### DIRECTIONS FOR THIS TASK
Return only those lines of the listing that hold the word "prems".

※

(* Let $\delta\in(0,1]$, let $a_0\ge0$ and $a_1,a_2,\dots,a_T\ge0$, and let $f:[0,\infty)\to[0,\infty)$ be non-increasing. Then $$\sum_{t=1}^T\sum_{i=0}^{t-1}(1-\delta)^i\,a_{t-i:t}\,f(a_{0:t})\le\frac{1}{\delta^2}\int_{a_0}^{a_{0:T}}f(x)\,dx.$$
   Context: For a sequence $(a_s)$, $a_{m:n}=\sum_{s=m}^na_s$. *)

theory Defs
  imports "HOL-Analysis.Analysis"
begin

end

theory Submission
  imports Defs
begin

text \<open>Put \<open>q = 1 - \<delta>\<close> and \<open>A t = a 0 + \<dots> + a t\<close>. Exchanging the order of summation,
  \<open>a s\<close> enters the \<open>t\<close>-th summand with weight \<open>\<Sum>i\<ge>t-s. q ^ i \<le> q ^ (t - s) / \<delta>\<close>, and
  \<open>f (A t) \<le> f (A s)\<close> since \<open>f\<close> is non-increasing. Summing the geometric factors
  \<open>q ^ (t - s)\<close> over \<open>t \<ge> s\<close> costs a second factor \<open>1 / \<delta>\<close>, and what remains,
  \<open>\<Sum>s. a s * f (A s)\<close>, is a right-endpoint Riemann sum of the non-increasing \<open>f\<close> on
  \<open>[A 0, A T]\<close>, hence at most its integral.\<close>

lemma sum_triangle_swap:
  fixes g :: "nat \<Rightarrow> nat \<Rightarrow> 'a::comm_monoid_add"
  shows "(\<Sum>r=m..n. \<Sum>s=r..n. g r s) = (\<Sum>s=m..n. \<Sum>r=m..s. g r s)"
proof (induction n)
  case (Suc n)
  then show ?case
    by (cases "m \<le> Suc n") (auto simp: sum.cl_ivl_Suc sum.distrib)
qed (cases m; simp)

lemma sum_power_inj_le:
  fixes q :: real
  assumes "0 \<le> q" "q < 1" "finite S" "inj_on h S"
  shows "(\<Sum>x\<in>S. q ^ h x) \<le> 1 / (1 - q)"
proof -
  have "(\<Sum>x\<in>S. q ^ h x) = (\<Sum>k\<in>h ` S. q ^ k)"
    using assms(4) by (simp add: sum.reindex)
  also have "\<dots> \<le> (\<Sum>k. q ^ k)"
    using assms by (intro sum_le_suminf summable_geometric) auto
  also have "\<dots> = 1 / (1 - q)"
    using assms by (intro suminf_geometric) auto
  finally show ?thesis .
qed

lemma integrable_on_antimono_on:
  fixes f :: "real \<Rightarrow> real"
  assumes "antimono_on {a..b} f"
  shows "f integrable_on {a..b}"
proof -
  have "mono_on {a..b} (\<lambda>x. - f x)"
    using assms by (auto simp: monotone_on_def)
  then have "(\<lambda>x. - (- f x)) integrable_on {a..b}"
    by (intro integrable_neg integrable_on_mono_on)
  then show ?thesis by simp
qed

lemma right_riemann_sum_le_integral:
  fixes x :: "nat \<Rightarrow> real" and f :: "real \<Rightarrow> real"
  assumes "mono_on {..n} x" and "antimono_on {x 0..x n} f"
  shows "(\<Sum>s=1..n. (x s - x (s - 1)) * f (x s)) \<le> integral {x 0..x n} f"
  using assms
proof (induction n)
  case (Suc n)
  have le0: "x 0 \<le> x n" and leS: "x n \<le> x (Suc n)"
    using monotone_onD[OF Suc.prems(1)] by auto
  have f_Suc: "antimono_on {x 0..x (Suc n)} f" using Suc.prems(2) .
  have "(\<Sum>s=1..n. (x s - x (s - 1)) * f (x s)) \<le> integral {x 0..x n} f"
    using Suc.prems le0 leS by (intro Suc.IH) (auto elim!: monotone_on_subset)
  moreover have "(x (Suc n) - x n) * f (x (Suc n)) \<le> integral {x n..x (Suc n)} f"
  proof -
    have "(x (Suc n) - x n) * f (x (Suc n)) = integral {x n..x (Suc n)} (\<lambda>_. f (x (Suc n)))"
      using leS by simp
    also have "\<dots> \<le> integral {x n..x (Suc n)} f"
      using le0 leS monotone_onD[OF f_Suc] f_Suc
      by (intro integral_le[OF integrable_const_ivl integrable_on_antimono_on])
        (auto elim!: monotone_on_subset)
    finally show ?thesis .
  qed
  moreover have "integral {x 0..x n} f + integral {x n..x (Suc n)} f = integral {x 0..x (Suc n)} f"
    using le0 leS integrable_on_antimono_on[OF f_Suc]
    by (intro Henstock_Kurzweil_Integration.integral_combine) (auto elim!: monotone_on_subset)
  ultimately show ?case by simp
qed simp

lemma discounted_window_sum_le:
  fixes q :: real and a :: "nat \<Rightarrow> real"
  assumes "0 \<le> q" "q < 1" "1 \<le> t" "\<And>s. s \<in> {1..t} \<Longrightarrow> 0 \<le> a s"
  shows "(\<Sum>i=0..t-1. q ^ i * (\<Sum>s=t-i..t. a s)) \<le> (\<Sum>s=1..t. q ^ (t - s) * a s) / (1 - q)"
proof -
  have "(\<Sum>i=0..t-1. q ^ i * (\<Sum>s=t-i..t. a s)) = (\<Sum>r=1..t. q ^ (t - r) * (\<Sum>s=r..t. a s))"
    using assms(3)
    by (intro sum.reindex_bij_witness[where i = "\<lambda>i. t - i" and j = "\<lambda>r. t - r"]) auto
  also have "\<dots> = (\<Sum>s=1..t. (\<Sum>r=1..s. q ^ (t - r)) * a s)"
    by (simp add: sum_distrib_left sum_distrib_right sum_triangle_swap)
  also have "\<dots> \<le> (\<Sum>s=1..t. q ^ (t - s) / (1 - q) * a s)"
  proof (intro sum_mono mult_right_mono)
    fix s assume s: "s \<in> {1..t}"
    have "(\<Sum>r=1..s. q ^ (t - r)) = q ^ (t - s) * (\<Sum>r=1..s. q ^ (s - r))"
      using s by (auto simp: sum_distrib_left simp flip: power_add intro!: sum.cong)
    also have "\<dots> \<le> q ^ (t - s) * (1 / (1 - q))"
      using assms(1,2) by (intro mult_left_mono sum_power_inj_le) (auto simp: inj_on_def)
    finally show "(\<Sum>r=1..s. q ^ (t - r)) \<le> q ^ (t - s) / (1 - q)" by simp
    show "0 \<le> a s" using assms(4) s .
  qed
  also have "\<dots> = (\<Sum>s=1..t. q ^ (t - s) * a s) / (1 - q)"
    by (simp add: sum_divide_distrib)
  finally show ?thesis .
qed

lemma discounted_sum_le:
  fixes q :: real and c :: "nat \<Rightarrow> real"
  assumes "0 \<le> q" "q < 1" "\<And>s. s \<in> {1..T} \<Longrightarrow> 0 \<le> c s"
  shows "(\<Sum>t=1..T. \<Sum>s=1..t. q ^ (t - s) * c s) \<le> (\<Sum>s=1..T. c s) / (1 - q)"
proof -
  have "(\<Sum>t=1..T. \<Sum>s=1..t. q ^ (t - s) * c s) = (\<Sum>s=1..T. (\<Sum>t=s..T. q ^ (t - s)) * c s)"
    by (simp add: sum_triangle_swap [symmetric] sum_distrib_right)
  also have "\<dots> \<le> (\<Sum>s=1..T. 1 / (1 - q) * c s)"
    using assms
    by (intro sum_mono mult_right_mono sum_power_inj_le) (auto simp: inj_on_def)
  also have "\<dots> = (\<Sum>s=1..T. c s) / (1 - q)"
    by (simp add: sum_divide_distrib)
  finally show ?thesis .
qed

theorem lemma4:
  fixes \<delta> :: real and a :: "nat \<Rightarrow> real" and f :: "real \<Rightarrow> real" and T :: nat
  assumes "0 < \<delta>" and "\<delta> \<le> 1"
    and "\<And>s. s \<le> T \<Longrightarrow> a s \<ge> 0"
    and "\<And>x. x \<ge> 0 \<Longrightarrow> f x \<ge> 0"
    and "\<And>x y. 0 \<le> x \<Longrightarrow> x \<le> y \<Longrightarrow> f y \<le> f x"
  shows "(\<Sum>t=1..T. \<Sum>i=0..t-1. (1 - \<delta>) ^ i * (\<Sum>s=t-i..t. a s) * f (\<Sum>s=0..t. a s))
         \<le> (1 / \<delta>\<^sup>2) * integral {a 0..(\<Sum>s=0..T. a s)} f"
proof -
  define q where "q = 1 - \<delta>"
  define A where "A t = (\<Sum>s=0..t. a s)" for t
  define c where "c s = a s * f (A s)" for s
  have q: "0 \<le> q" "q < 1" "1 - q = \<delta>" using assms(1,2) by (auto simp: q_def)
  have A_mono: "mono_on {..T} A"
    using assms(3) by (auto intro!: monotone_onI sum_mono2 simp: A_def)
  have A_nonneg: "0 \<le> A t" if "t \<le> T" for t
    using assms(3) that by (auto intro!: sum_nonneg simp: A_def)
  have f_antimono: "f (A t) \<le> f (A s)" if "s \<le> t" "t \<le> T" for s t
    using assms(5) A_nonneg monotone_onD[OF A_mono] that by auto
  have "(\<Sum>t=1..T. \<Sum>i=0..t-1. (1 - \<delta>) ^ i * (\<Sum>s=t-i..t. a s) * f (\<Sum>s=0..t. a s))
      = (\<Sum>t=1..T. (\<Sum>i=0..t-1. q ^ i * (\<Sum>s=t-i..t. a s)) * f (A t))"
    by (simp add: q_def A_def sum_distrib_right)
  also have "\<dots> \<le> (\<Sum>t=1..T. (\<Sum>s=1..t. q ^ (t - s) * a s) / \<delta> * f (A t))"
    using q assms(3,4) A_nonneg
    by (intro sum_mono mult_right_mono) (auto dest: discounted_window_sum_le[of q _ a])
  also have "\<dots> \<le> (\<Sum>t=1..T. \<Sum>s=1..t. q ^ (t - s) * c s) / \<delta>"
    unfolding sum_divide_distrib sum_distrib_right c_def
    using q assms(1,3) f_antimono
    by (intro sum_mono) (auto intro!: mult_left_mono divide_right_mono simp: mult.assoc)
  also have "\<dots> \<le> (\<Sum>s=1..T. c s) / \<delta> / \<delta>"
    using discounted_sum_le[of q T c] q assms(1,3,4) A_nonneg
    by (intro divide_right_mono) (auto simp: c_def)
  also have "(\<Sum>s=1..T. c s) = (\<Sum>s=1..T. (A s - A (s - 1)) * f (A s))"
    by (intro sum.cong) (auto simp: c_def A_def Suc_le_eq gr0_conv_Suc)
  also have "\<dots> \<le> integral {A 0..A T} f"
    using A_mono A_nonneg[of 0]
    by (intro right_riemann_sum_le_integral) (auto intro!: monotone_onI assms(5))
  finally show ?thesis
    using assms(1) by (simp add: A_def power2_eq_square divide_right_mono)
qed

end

※

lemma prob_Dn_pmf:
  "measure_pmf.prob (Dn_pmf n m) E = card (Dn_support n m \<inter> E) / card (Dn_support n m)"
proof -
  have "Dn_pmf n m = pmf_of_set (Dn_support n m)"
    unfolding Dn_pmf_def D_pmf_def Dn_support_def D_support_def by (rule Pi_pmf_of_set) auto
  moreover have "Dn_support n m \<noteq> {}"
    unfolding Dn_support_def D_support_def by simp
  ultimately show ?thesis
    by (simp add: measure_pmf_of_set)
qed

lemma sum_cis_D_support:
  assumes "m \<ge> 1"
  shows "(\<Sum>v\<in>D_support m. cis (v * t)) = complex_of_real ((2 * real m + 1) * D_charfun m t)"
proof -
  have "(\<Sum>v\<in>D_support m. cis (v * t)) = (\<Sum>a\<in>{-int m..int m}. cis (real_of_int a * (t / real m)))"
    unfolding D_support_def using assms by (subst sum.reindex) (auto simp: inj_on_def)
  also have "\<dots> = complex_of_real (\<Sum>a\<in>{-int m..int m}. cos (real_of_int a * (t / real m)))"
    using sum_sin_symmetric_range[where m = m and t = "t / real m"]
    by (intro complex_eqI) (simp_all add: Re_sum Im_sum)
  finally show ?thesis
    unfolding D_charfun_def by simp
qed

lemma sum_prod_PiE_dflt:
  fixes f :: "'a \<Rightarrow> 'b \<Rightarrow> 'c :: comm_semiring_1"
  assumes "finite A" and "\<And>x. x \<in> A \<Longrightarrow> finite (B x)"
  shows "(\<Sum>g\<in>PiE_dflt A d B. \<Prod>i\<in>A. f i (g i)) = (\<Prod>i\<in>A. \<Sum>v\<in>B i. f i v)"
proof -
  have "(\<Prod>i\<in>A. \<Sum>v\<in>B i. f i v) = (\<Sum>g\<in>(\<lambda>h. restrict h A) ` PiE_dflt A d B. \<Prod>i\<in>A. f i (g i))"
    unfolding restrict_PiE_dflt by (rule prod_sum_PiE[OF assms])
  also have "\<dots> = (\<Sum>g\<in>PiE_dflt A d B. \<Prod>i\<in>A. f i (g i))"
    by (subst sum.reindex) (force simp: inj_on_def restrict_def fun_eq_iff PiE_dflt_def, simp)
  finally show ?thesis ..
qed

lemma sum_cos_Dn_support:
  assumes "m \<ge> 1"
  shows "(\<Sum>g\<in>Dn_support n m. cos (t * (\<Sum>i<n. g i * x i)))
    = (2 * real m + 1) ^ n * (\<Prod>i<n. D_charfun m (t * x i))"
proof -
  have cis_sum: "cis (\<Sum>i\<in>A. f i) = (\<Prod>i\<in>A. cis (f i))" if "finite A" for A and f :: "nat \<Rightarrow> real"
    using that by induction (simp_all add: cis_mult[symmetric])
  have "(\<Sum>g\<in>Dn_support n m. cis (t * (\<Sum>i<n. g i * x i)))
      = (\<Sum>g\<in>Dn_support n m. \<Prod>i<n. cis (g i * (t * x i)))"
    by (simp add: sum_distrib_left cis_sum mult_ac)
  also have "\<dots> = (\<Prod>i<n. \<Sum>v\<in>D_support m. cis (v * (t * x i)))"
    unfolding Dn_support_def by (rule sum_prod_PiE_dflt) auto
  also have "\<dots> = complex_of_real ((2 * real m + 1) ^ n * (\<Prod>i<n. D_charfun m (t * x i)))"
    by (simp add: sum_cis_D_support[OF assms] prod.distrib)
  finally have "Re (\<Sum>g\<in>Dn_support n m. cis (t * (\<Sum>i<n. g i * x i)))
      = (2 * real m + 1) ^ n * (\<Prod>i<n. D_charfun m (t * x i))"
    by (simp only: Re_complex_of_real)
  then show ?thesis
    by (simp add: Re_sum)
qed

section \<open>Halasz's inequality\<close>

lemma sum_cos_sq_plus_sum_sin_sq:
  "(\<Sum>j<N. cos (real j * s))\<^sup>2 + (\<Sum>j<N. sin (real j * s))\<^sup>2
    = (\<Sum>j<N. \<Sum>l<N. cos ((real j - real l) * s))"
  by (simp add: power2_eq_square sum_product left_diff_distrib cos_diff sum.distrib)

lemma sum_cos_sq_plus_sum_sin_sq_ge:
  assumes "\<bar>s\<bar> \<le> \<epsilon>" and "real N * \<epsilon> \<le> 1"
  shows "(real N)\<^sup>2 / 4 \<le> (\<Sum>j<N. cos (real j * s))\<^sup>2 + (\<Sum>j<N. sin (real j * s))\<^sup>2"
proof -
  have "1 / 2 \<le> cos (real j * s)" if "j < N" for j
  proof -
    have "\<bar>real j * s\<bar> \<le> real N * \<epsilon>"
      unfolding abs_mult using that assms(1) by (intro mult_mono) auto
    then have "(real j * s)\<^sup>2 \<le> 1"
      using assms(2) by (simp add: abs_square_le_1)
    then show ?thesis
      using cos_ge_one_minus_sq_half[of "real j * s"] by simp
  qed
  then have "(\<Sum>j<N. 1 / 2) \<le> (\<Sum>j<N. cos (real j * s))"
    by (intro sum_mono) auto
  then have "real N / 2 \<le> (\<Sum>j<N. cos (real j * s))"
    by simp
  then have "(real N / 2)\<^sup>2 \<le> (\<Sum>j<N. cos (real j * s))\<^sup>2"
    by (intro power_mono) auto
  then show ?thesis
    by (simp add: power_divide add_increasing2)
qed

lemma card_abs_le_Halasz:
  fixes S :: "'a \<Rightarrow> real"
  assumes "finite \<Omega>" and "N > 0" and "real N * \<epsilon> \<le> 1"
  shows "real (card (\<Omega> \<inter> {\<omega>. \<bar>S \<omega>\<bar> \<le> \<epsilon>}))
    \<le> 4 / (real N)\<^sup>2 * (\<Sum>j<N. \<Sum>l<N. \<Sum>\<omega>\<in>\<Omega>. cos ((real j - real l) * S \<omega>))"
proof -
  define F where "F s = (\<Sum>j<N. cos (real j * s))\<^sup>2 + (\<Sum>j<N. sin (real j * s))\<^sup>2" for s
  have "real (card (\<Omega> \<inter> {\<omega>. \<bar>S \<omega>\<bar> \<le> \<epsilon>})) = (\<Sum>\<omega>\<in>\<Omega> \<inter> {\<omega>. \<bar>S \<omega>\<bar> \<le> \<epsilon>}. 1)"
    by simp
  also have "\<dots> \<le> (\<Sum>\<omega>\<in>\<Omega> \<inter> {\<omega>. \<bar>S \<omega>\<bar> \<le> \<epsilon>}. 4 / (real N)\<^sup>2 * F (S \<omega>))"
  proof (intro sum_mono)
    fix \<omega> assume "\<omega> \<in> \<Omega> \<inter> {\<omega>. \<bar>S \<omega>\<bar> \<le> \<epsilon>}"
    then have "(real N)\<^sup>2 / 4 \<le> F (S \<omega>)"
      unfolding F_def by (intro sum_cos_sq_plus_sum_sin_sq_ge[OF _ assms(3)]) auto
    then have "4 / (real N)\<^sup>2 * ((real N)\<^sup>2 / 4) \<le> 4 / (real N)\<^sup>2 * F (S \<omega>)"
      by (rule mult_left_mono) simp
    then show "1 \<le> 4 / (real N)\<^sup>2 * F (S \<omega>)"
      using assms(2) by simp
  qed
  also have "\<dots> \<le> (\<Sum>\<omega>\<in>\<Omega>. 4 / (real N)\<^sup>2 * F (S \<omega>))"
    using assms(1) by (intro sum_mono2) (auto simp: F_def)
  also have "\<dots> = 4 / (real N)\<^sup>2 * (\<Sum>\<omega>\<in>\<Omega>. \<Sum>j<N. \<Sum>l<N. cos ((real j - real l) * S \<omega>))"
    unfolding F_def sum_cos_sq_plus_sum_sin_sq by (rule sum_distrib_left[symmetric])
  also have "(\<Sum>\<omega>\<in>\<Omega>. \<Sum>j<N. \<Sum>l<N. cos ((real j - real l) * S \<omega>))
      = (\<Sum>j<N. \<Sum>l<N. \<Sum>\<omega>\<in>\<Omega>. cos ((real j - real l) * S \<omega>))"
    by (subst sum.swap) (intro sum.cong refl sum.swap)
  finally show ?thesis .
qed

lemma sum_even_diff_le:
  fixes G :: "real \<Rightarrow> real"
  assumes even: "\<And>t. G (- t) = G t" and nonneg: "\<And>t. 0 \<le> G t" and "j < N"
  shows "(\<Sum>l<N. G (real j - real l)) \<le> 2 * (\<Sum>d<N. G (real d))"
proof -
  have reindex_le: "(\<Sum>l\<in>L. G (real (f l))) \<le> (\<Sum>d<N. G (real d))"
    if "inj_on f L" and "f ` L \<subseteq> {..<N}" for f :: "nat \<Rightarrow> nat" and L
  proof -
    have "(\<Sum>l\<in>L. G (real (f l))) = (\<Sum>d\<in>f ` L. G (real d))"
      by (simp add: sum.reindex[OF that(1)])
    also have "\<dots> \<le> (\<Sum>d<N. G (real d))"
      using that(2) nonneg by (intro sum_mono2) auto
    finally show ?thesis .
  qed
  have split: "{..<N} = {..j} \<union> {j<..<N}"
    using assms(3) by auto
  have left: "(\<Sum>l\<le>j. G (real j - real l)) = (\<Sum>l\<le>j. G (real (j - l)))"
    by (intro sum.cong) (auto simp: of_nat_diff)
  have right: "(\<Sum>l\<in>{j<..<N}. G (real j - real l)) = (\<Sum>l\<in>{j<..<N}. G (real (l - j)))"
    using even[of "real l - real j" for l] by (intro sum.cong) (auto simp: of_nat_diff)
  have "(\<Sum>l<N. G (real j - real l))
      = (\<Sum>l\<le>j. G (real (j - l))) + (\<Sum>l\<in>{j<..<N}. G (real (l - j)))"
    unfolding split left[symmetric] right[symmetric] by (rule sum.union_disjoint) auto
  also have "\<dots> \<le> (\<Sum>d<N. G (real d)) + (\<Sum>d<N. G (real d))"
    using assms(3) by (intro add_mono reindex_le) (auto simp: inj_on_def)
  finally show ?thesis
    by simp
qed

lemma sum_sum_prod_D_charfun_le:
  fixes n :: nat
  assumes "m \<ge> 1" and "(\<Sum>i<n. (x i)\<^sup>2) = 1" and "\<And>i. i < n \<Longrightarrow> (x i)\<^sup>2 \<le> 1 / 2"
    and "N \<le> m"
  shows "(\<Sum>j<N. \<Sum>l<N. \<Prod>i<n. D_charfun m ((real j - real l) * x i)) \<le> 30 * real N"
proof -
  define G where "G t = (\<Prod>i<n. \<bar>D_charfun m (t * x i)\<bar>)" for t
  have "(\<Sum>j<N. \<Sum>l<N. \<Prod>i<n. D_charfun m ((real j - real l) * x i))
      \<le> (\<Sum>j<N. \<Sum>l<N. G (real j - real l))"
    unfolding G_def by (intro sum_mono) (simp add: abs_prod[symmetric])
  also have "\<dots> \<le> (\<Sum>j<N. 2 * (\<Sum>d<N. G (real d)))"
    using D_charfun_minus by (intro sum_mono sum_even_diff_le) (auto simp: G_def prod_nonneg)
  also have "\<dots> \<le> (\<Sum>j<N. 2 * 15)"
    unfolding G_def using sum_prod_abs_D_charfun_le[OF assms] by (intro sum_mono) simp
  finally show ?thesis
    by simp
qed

※

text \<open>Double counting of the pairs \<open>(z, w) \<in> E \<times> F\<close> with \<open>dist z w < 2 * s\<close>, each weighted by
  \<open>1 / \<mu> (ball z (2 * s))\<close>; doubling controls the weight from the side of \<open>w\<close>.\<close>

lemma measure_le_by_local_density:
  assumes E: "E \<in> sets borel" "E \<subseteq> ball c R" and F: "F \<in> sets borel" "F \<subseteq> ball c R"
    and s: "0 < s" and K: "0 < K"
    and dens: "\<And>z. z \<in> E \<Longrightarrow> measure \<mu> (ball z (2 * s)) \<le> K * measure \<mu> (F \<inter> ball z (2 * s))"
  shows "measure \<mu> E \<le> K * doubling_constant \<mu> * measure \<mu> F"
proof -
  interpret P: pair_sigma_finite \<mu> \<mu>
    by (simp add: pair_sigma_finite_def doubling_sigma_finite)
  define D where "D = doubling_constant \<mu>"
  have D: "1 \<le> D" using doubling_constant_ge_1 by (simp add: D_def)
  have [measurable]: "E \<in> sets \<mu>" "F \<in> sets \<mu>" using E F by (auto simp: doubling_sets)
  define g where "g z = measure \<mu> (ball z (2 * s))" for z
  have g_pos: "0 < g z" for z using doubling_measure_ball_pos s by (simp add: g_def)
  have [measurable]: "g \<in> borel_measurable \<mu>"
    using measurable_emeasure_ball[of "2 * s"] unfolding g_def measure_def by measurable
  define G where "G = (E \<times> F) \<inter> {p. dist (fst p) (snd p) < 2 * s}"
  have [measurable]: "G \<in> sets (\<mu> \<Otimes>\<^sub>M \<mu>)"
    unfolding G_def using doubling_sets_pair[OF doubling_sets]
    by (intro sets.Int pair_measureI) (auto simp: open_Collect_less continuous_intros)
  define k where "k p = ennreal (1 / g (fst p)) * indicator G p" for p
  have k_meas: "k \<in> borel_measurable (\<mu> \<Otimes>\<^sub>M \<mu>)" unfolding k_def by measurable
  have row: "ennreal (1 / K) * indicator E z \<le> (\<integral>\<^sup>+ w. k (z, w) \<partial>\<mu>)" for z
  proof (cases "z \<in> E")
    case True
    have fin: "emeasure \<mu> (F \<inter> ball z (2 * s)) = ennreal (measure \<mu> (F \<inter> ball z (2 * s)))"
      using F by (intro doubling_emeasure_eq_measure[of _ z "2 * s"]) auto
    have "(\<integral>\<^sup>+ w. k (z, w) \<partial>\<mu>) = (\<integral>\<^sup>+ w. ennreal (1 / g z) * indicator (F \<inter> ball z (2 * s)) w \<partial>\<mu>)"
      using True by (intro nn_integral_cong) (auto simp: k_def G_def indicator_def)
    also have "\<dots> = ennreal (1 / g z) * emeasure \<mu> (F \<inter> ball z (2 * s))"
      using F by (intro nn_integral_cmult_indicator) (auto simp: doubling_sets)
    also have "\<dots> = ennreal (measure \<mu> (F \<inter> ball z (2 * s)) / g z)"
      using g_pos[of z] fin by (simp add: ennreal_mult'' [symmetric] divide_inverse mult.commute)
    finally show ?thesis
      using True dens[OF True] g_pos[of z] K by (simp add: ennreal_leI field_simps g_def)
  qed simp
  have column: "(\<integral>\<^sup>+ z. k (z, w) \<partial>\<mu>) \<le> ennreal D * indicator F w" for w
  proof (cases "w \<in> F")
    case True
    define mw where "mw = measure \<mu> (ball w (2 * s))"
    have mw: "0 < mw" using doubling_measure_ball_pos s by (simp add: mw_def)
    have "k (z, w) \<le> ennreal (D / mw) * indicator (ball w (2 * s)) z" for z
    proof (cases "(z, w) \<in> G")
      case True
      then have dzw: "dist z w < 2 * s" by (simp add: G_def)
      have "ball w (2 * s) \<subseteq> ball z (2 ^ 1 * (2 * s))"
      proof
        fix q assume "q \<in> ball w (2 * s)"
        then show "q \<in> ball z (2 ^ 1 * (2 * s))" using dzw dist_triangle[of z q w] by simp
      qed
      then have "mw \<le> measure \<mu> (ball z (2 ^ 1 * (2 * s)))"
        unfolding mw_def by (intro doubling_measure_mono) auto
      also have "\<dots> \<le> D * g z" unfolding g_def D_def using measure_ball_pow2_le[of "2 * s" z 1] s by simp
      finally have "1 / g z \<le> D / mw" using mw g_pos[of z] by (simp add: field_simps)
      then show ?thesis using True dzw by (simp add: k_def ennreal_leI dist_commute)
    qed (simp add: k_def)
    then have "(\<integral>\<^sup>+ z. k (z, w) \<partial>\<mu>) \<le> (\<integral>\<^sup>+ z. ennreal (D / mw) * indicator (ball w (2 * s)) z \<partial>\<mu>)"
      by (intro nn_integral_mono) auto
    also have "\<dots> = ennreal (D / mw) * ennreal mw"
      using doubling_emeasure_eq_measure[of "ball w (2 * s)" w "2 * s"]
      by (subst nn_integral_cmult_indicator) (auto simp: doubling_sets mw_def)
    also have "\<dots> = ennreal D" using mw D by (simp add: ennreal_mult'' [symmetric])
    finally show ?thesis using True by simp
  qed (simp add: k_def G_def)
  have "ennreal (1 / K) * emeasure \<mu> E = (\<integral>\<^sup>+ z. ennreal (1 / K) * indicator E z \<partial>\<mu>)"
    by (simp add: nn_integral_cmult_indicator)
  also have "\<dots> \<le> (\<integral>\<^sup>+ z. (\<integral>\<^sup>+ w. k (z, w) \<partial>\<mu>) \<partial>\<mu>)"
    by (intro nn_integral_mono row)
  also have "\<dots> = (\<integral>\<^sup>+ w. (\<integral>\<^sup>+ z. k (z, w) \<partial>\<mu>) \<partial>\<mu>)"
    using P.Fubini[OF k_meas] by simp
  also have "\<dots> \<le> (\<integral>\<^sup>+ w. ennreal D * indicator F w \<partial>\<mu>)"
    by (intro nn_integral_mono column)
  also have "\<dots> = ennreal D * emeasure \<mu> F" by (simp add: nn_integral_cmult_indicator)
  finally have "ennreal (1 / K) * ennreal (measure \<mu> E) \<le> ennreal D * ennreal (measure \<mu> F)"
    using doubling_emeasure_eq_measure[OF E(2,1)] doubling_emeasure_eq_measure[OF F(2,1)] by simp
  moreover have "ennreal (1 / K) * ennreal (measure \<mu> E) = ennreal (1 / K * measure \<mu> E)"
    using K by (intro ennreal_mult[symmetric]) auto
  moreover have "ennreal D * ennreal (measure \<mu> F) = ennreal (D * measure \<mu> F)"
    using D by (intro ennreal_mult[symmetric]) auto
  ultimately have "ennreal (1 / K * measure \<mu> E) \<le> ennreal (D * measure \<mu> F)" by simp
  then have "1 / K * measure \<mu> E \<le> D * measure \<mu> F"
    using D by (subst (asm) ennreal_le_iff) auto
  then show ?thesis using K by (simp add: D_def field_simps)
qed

※

### RESPONSE
    using monotone_onD[OF Suc.prems(1)] by auto
  have f_Suc: "antimono_on {x 0..x (Suc n)} f" using Suc.prems(2) .
    using Suc.prems le0 leS by (intro Suc.IH) (auto elim!: monotone_on_subset)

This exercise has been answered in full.